---- Data for analysis

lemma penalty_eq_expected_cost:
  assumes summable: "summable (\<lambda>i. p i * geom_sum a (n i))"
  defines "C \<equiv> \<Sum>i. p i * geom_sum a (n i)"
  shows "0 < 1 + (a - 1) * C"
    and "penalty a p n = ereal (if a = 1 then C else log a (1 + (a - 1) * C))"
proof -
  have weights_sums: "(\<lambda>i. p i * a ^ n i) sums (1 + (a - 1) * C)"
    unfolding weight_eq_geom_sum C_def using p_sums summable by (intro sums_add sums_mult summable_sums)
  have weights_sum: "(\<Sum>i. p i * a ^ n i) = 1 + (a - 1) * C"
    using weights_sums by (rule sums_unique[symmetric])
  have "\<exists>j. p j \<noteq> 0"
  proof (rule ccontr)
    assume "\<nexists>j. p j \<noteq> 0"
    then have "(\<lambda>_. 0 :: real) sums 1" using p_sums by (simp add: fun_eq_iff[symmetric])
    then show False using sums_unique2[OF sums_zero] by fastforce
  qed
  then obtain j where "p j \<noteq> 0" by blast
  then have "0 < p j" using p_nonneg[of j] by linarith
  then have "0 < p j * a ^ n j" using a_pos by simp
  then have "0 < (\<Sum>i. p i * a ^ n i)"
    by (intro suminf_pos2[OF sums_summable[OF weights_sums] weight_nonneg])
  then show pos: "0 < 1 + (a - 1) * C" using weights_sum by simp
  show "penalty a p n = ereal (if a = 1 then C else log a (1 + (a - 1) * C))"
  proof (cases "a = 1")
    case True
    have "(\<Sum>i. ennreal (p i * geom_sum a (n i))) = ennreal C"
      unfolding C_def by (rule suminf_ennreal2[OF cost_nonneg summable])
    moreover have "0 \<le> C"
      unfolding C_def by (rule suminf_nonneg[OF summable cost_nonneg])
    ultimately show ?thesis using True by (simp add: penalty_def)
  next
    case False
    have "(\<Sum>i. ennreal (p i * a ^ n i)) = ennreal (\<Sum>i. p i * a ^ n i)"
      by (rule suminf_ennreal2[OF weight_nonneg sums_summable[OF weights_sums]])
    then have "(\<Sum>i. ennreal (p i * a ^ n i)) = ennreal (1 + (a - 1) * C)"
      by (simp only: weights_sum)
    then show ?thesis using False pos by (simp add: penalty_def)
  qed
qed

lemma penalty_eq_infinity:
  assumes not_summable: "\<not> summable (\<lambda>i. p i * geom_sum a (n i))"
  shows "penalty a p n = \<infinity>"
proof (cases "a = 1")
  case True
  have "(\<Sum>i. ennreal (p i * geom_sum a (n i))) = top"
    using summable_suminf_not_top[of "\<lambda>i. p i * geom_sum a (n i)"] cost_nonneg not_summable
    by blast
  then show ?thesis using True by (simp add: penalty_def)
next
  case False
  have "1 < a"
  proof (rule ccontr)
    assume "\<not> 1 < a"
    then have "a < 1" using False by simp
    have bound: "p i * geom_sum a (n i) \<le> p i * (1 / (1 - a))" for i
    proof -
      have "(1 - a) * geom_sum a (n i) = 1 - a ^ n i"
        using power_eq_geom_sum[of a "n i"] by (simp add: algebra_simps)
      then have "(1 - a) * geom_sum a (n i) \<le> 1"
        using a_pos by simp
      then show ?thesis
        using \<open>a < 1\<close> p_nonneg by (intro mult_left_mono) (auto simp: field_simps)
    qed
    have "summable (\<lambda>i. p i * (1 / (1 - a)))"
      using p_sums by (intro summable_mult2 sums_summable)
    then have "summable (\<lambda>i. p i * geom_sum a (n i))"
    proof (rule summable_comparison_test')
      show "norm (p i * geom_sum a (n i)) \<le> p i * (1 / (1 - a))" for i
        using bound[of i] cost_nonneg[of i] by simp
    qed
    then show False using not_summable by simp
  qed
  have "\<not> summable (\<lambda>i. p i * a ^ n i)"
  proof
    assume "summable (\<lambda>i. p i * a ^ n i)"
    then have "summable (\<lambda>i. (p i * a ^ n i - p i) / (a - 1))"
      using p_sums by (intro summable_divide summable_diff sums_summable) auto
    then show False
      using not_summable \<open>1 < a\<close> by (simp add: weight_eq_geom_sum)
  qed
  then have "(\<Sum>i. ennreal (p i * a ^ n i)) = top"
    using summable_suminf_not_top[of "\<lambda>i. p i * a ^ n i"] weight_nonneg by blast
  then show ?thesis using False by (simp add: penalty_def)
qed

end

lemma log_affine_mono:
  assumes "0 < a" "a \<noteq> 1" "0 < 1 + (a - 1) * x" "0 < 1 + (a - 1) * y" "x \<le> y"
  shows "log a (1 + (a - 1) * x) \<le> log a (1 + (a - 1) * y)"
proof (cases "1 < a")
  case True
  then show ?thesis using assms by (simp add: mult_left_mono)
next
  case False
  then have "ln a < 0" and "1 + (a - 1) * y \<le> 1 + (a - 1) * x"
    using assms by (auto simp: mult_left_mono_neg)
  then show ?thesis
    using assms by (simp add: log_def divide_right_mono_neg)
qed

--------

Brief: Find "shows" in the data above. Report each line where it appears.

Task answer:
  shows "0 < 1 + (a - 1) * C"
  shows "penalty a p n = \<infinity>"
  shows "log a (1 + (a - 1) * x) \<le> log a (1 + (a - 1) * y)"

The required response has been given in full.